▶ What the task asks
All of the entries below are to be retyped exactly.
START Input
text \<open>
  On \<open>X\<close> the two norms agree. Trivially \<open>\<parallel>c\<parallel>\<^sub>\<Y> \<le> \<parallel>c\<parallel>\<^sub>X\<close>. Conversely, let
  \<open>c = \<Sum>\<^sub>k a\<^sub>k \<star> b\<^sub>k\<close> be finitely supported and multiply it by the completely
  multiplicative weight \<open>w(n) = r\<^bsup>\<Omega>(n)\<^esup>\<close> on \<open>S\<close>-smooth numbers (zero elsewhere;
  \<open>\<Omega>\<close> counts prime factors with multiplicity). Then \<open>w c = \<Sum>\<^sub>k (w a\<^sub>k) \<star> (w b\<^sub>k)\<close>, and
  since \<open>w \<in> \<ell>\<^sup>2\<close> this series converges in \<open>\<ell>\<^sup>1\<close>, because \<open>\<parallel>u \<star> v\<parallel>\<^sub>1 \<le> \<parallel>u\<parallel>\<^sub>1 \<parallel>v\<parallel>\<^sub>1\<close>
  and \<open>\<parallel>w a\<parallel>\<^sub>1 \<le> \<parallel>w\<parallel>\<^sub>2 \<parallel>a\<parallel>\<^sub>2\<close>. As \<open>\<ell>\<^sup>1\<close> dominates \<open>\<parallel>\<cdot>\<parallel>\<^sub>X\<close> on finitely supported
  sequences, finite truncations give \<open>\<parallel>w c\<parallel>\<^sub>X \<le> \<Sum>\<^sub>k \<parallel>a\<^sub>k\<parallel> \<parallel>b\<^sub>k\<parallel>\<close>, and
  \<open>w c \<rightarrow> c\<close> as \<open>r \<rightarrow> 1\<close>.

  Coordinates are bounded by the \<open>\<Y>\<close>-norm, so a point of the completion determines the
  coordinatewise limit of any approximating sequence from \<open>X\<close>; this limit is \<open>V\<close>. Countable
  subadditivity of \<open>\<parallel>\<cdot>\<parallel>\<^sub>\<Y>\<close> along a fast Cauchy sequence shows that \<open>V\<close> lands in \<open>\<Y>\<close>
  isometrically, and density of \<open>X\<close> in \<open>\<Y>\<close> (truncate the series and the sequences)
  gives surjectivity.
\<close>

lemma l2norm_nonneg: "in_l2 a \<Longrightarrow> 0 \<le> l2norm a"
  unfolding l2norm_def in_l2_def by (auto intro!: suminf_nonneg)

lemma L2_set_le_l2norm:
  assumes "in_l2 a" shows "L2_set (\<lambda>n. cmod (a n)) A \<le> l2norm a"
proof (cases "finite A")
  case True thus ?thesis using assms unfolding L2_set_def l2norm_def in_l2_def
    by (intro real_sqrt_le_mono sum_le_suminf) auto
qed (simp add: l2norm_nonneg assms)

lemma in_l2_dominated:
  assumes "in_l2 b" "a 0 = 0" "\<And>n. cmod (a n) \<le> cmod (b n)"
  shows "in_l2 a" "l2norm a \<le> l2norm b"
proof -
  have le: "\<And>n. (cmod (a n))\<^sup>2 \<le> (cmod (b n))\<^sup>2"
    using assms(3) by (simp add: power_mono)
  have s: "summable (\<lambda>n. (cmod (a n))\<^sup>2)"
    by (rule summable_comparison_test[of _ "\<lambda>n. (cmod (b n))\<^sup>2"]) (use assms le in \<open>auto simp: in_l2_def\<close>)
  thus "in_l2 a" using assms by (simp add: in_l2_def)
  show "l2norm a \<le> l2norm b" unfolding l2norm_def
    using assms s le by (auto intro!: suminf_le simp: in_l2_def)
qed

lemma fin_supp_imp_in_l2: "fin_supp a \<Longrightarrow> in_l2 a"
  unfolding fin_supp_def in_l2_def by (auto intro: summable_finite[of "{n. a n \<noteq> 0}"])

lemma in_l2_zero: "in_l2 (\<lambda>_. 0)" and l2norm_zero: "l2norm (\<lambda>_. 0) = 0"
  by (simp_all add: in_l2_def l2norm_def)

lemma l2norm_indicator: "l2norm (\<lambda>i. if i = k then z else 0) = cmod z"
proof -
  have "(\<Sum>n. (cmod (if n = k then z else 0))\<^sup>2) = (\<Sum>n\<in>{k}. (cmod (if n = k then z else 0))\<^sup>2)"
    by (rule suminf_finite) auto
  thus ?thesis by (simp add: l2norm_def)
qed

lemma in_l2_scale:
  assumes "in_l2 a"
  shows "in_l2 (\<lambda>i. z * a i)" "l2norm (\<lambda>i. z * a i) = cmod z * l2norm a"
proof -
  have e: "(\<lambda>n. (cmod (z * a n))\<^sup>2) = (\<lambda>n. (cmod z)\<^sup>2 * (cmod (a n))\<^sup>2)"
    by (simp add: norm_mult power_mult_distrib)
  show "in_l2 (\<lambda>i. z * a i)" using assms unfolding in_l2_def e by (auto intro: summable_mult)
  have "(\<Sum>n. (cmod (z * a n))\<^sup>2) = (cmod z)\<^sup>2 * (\<Sum>n. (cmod (a n))\<^sup>2)"
    unfolding e using assms by (intro suminf_mult) (simp add: in_l2_def)
  thus "l2norm (\<lambda>i. z * a i) = cmod z * l2norm a"
    by (simp add: l2norm_def real_sqrt_mult)
qed

lemma dconv_add_left: "dconv (\<lambda>i. a i + a' i) b n = dconv a b n + dconv a' b n"
  by (simp add: dconv_def distrib_right sum.distrib)

lemma dconv_add_right: "dconv a (\<lambda>i. b i + b' i) n = dconv a b n + dconv a b' n"
  by (simp add: dconv_def distrib_left sum.distrib)

lemma dconv_scale_left: "dconv (\<lambda>i. z * a i) b n = z * dconv a b n"
  by (simp add: dconv_def sum_distrib_left mult.assoc)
END Input
▶ Expected answer
text \<open>
  On \<open>X\<close> the two norms agree. Trivially \<open>\<parallel>c\<parallel>\<^sub>\<Y> \<le> \<parallel>c\<parallel>\<^sub>X\<close>. Conversely, let
  \<open>c = \<Sum>\<^sub>k a\<^sub>k \<star> b\<^sub>k\<close> be finitely supported and multiply it by the completely
  multiplicative weight \<open>w(n) = r\<^bsup>\<Omega>(n)\<^esup>\<close> on \<open>S\<close>-smooth numbers (zero elsewhere;
  \<open>\<Omega>\<close> counts prime factors with multiplicity). Then \<open>w c = \<Sum>\<^sub>k (w a\<^sub>k) \<star> (w b\<^sub>k)\<close>, and
  since \<open>w \<in> \<ell>\<^sup>2\<close> this series converges in \<open>\<ell>\<^sup>1\<close>, because \<open>\<parallel>u \<star> v\<parallel>\<^sub>1 \<le> \<parallel>u\<parallel>\<^sub>1 \<parallel>v\<parallel>\<^sub>1\<close>
  and \<open>\<parallel>w a\<parallel>\<^sub>1 \<le> \<parallel>w\<parallel>\<^sub>2 \<parallel>a\<parallel>\<^sub>2\<close>. As \<open>\<ell>\<^sup>1\<close> dominates \<open>\<parallel>\<cdot>\<parallel>\<^sub>X\<close> on finitely supported
  sequences, finite truncations give \<open>\<parallel>w c\<parallel>\<^sub>X \<le> \<Sum>\<^sub>k \<parallel>a\<^sub>k\<parallel> \<parallel>b\<^sub>k\<parallel>\<close>, and
  \<open>w c \<rightarrow> c\<close> as \<open>r \<rightarrow> 1\<close>.

  Coordinates are bounded by the \<open>\<Y>\<close>-norm, so a point of the completion determines the
  coordinatewise limit of any approximating sequence from \<open>X\<close>; this limit is \<open>V\<close>. Countable
  subadditivity of \<open>\<parallel>\<cdot>\<parallel>\<^sub>\<Y>\<close> along a fast Cauchy sequence shows that \<open>V\<close> lands in \<open>\<Y>\<close>
  isometrically, and density of \<open>X\<close> in \<open>\<Y>\<close> (truncate the series and the sequences)
  gives surjectivity.
\<close>

lemma l2norm_nonneg: "in_l2 a \<Longrightarrow> 0 \<le> l2norm a"
  unfolding l2norm_def in_l2_def by (auto intro!: suminf_nonneg)

lemma L2_set_le_l2norm:
  assumes "in_l2 a" shows "L2_set (\<lambda>n. cmod (a n)) A \<le> l2norm a"
proof (cases "finite A")
  case True thus ?thesis using assms unfolding L2_set_def l2norm_def in_l2_def
    by (intro real_sqrt_le_mono sum_le_suminf) auto
qed (simp add: l2norm_nonneg assms)

lemma in_l2_dominated:
  assumes "in_l2 b" "a 0 = 0" "\<And>n. cmod (a n) \<le> cmod (b n)"
  shows "in_l2 a" "l2norm a \<le> l2norm b"
proof -
  have le: "\<And>n. (cmod (a n))\<^sup>2 \<le> (cmod (b n))\<^sup>2"
    using assms(3) by (simp add: power_mono)
  have s: "summable (\<lambda>n. (cmod (a n))\<^sup>2)"
    by (rule summable_comparison_test[of _ "\<lambda>n. (cmod (b n))\<^sup>2"]) (use assms le in \<open>auto simp: in_l2_def\<close>)
  thus "in_l2 a" using assms by (simp add: in_l2_def)
  show "l2norm a \<le> l2norm b" unfolding l2norm_def
    using assms s le by (auto intro!: suminf_le simp: in_l2_def)
qed

lemma fin_supp_imp_in_l2: "fin_supp a \<Longrightarrow> in_l2 a"
  unfolding fin_supp_def in_l2_def by (auto intro: summable_finite[of "{n. a n \<noteq> 0}"])

lemma in_l2_zero: "in_l2 (\<lambda>_. 0)" and l2norm_zero: "l2norm (\<lambda>_. 0) = 0"
  by (simp_all add: in_l2_def l2norm_def)

lemma l2norm_indicator: "l2norm (\<lambda>i. if i = k then z else 0) = cmod z"
proof -
  have "(\<Sum>n. (cmod (if n = k then z else 0))\<^sup>2) = (\<Sum>n\<in>{k}. (cmod (if n = k then z else 0))\<^sup>2)"
    by (rule suminf_finite) auto
  thus ?thesis by (simp add: l2norm_def)
qed

lemma in_l2_scale:
  assumes "in_l2 a"
  shows "in_l2 (\<lambda>i. z * a i)" "l2norm (\<lambda>i. z * a i) = cmod z * l2norm a"
proof -
  have e: "(\<lambda>n. (cmod (z * a n))\<^sup>2) = (\<lambda>n. (cmod z)\<^sup>2 * (cmod (a n))\<^sup>2)"
    by (simp add: norm_mult power_mult_distrib)
  show "in_l2 (\<lambda>i. z * a i)" using assms unfolding in_l2_def e by (auto intro: summable_mult)
  have "(\<Sum>n. (cmod (z * a n))\<^sup>2) = (cmod z)\<^sup>2 * (\<Sum>n. (cmod (a n))\<^sup>2)"
    unfolding e using assms by (intro suminf_mult) (simp add: in_l2_def)
  thus "l2norm (\<lambda>i. z * a i) = cmod z * l2norm a"
    by (simp add: l2norm_def real_sqrt_mult)
qed

lemma dconv_add_left: "dconv (\<lambda>i. a i + a' i) b n = dconv a b n + dconv a' b n"
  by (simp add: dconv_def distrib_right sum.distrib)

lemma dconv_add_right: "dconv a (\<lambda>i. b i + b' i) n = dconv a b n + dconv a b' n"
  by (simp add: dconv_def distrib_left sum.distrib)

lemma dconv_scale_left: "dconv (\<lambda>i. z * a i) b n = z * dconv a b n"
  by (simp add: dconv_def sum_distrib_left mult.assoc)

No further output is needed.